System.err.println(outputStream.toString());








Here I make a Molecule with map numbers and save it into unique SMILES, then load that SMILES into another molecule, remove the map numbers and save it as unique SMILES again... This produces the following for a random compound:





Code:



[CH3:32][CH2:31][C:33]1=[CH:34][CH:35]=[C:36]([CH:37]=[CH:38]1)[CH:27]2[S:28][CH:29]([CH2:30][S:25][CH:26]2[C:5]3=[CH:6][N:1]=[CH:2][CH:3]=[CH:4]3)[C:19]4=[CH:20][CH:21]=[C:22]([C:23](=[CH:24]4)[CH:15]5[CH2:16][CH2:17][CH2:18][CH:13]([CH3:14])[CH2:12]5)[CH:8]6[CH2:9][CH2:10][CH2:11][S:7]6





CCC1=CC=C(C=C1)C2SC(CSC2C3=CN=CC=C3)C4=CC=C(C5CCCS5)C(=C4)C6CCCC(C)C6








When I clean the atom map numbers and hydrogens, I get the following:





Code:



CCC1=CC=C(C=C1)C2SC(CSC2C3=CN=CC=C3)C4=CC=C(C(=C4)C5CCCC(C)C5)C6CCCS6


CCC1=CC=C(C=C1)C2SC(CSC2C3=CN=CC=C3)C4=CC=C(C5CCCS5)C(=C4)C6CCCC(C)C6








They are obviously different! My case is somewhat different from the previous posting since the SMILES string is not unique if map numbers are omitted.

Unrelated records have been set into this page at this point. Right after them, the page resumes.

(* Let $A,B\in\mathcal{B}(\mathcal{H})$. Then \begin{equation*} w\left(\begin{bmatrix} 0 &A \\ B& 0 \end{bmatrix}\right)+\frac{|w(A+B)-w(A-B)|}{2}\leq w(A)+w(B). \end{equation*}
   Context: $\mathcal{H}$ is a complex Hilbert space and $\mathcal{B}(\mathcal{H})$ is the $C^*$-algebra of all bounded linear operators on $\mathcal{H}$. For $T\in\mathcal{B}(\mathcal{H})$, $w(T)=\sup\{|\langle Tx,x\rangle|:\|x\|=1\}$ is the numerical radius. A $2\times 2$ operator matrix with entries in $\mathcal{B}(\mathcal{H})$ is regarded as an operator on $\mathcal{H}\oplus\mathcal{H}$. *)

theory Defs
  imports "HOL-Analysis.Analysis"
begin

text \<open>The inner product is linear in the first and conjugate-linear in the second argument;
  the norm is the one induced by the inner product.\<close>

class complex_inner = real_normed_vector +
  fixes scaleC :: "complex \<Rightarrow> 'a \<Rightarrow> 'a"
    and cinner :: "'a \<Rightarrow> 'a \<Rightarrow> complex"
  assumes scaleC_add_right: "scaleC a (x + y) = scaleC a x + scaleC a y"
    and scaleC_add_left: "scaleC (a + b) x = scaleC a x + scaleC b x"
    and scaleC_scaleC: "scaleC a (scaleC b x) = scaleC (a * b) x"
    and scaleC_one: "scaleC 1 x = x"
    and scaleR_scaleC: "scaleR r x = scaleC (complex_of_real r) x"
    and cinner_add_left: "cinner (x + y) z = cinner x z + cinner y z"
    and cinner_scaleC_left: "cinner (scaleC a x) y = a * cinner x y"
    and cinner_commute: "cinner x y = cnj (cinner y x)"
    and cinner_self_norm: "cinner x x = complex_of_real ((norm x)\<^sup>2)"

class complex_hilbert = complex_inner + complete_space

instantiation prod :: (complex_inner, complex_inner) complex_inner
begin

definition scaleC_prod_def:
  "scaleC c x = (scaleC c (fst x), scaleC c (snd x))"

definition cinner_prod_def:
  "cinner x y = cinner (fst x) (fst y) + cinner (snd x) (snd y)"

instance
proof
  fix a b :: complex and x y z :: "'a \<times> 'b" and r :: real
  show "scaleC a (x + y) = scaleC a x + scaleC a y"
    by (simp add: scaleC_prod_def scaleC_add_right)
  show "scaleC (a + b) x = scaleC a x + scaleC b x"
    by (simp add: scaleC_prod_def scaleC_add_left)
  show "scaleC a (scaleC b x) = scaleC (a * b) x"
    by (simp add: scaleC_prod_def scaleC_scaleC)
  show "scaleC 1 x = x"
    by (simp add: scaleC_prod_def scaleC_one)
  show "scaleR r x = scaleC (complex_of_real r) x"
    by (simp add: scaleC_prod_def scaleR_scaleC scaleR_prod_def)
  show "cinner (x + y) z = cinner x z + cinner y z"
    by (simp add: cinner_prod_def cinner_add_left)
  show "cinner (scaleC a x) y = a * cinner x y"
    by (simp add: cinner_prod_def scaleC_prod_def cinner_scaleC_left algebra_simps)
  show "cinner x y = cnj (cinner y x)"
    by (simp add: cinner_prod_def cinner_commute[of "fst x"] cinner_commute[of "snd x"])
  show "cinner x x = complex_of_real ((norm x)\<^sup>2)"
    by (simp add: cinner_prod_def cinner_self_norm norm_prod_def)
qed

end

instance prod :: (complex_hilbert, complex_hilbert) complex_hilbert ..

definition bounded_op :: "('a::complex_inner \<Rightarrow> 'a) \<Rightarrow> bool" where
  "bounded_op T \<longleftrightarrow>
     (\<forall>x y. T (x + y) = T x + T y) \<and>
     (\<forall>c x. T (scaleC c x) = scaleC c (T x)) \<and>
     (\<exists>K. \<forall>x. norm (T x) \<le> norm x * K)"

text \<open>The value 0 is inserted
  so that the supremum is also meaningful (and equal to 0) for the zero space; since all
  values are nonnegative this does not change the supremum otherwise.\<close>
definition numrad :: "('a::complex_inner \<Rightarrow> 'a) \<Rightarrow> real" where
  "numrad T = Sup (insert 0 {cmod (cinner (T x) x) | x. norm x = 1})"
(* Let $\mu,\nu\in\mathcal{P}(\mathcal{X})$, $0<m_1\le m_2<\infty$, $K:\mathcal{X}\times\mathcal{X}\to(0,1]$ measurable with lower decay $l$, and let $(\alpha_1,\tilde\alpha_1)$, $(\alpha_2,\tilde\alpha_2)$ be pairs of tail functions (with $\mu(B_{m_1})>0$, $\nu(B_{m_1})>0$, $\alpha_1,\alpha_2>0$). Assume \begin{align*} &l(m_2)(1-\alpha_1(m_2))-\tilde\alpha_1(m_2)\ge0,\\ &\bar a:=\sup_{r\ge m_1}\big(l(r)\nu(B_r)(1-\alpha_1(r))-\tilde\alpha_1(m_2)\big)>0,\\ &\frac{1+\tilde\alpha_1(m_2)}{\bar a}\,\nu(B_r^{\mathsf c})\le\alpha_2(r)\ \text{ for all } r\ge m_1,\\ &\frac{\tilde\alpha_1(m_2)}{\bar a}\,\nu(B_r^{\mathsf c})\le\tilde\alpha_2(r)\ \text{ for all } r\ge m_2. \end{align*} Then $L_{K,\mu}(\mathcal{F}^{\mu}_{\alpha_1,\tilde\alpha_1})\subseteq\mathcal{F}^{\nu}_{\alpha_2,\tilde\alpha_2}$ and $L_{K^\top,\nu}(\mathcal{G}^{\nu}_{\alpha_2,\tilde\alpha_2})\subseteq\mathcal{G}^{\mu}_{\alpha_1,\tilde\alpha_1}$.
   Context: $\mathcal{X}$ is a Polish space with metric $d_{\mathcal{X}}$, $x_0$ fixed, $B_r=\{x:d_{\mathcal{X}}(x_0,x)\le r\}$, $B_r^{\mathsf c}=\mathcal{X}\setminus B_r$. A non-increasing $l:[0,\infty)\to[0,\infty)$ is a lower decay of $K$ if $\inf_{x,y\in B_r}K(x,y)\ge l(r)$ for all $r>0$. $K^\top(x,y)=K(y,x)$; $L_{K,\mu}f(x)=\int K(x,y)f(y)\,\mu(dy)$. A tail function is a non-increasing $\alpha:(0,\infty)\to[0,\infty)$ with $\lim_{r\to\infty}\alpha(r)=0$. For $\rho\in\mathcal{P}(\mathcal{X})$: $\mathcal{F}^{\rho}_{\alpha,\tilde\alpha}$ is the set of $f\in L^2(\rho)$ with $f\mathbf 1_{B_{m_2}}\ge0$ $\rho$-a.s., $\int_{B_r^{\mathsf c}}f_+\,d\rho\le\alpha(r)\int f\,d\rho$ for all $r\ge m_1$, $\int_{B_r^{\mathsf c}}f_-\,d\rho\le\tilde\alpha(r)\int f\,d\rho$ for all $r\ge m_2$; $\mathcal{G}^{\rho}_{\alpha,\tilde\alpha}=\{g\in L^2(\rho):\int fg\,d\rho\ge0\ \forall f\in\mathcal{F}^{\rho}_{\alpha,\tilde\alpha}\}$. *)

theory Defs
  imports "HOL-Probability.Probability"
begin

text \<open>Closed ball B_r around the fixed base point x0: cball x0 r = {x. dist x0 x \<le> r}.
  Its complement is - cball x0 r.\<close>

definition tail_function :: "(real \<Rightarrow> real) \<Rightarrow> bool" where
  "tail_function \<alpha> \<longleftrightarrow>
     (\<forall>r s. 0 < r \<longrightarrow> r \<le> s \<longrightarrow> \<alpha> s \<le> \<alpha> r) \<and>
     (\<forall>r. 0 < r \<longrightarrow> 0 \<le> \<alpha> r) \<and>
     (\<alpha> \<longlongrightarrow> 0) at_top"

As another piece of evidence that something is really wrong here, I imported the SMILES string WITH map numbers into another molecule, removed the map numbers and saved it into unique SMILES and got the second SMILES above. This shows that map numbers are not the culprit interfering with your algorithm but I guess it's the internal MolAtom array indeces that makes the difference.





Do you think this will get a fix at 4.0? Thanks

ChemAxon a3d59b832c

12-07-2005 09:22:56

Hello,





I tried your code and structures, Marvin 4.0 will work as expected.





You can download a pre-release version from here:





www.chemaxon.com/shared/alpha





Best regards,





Szabolcs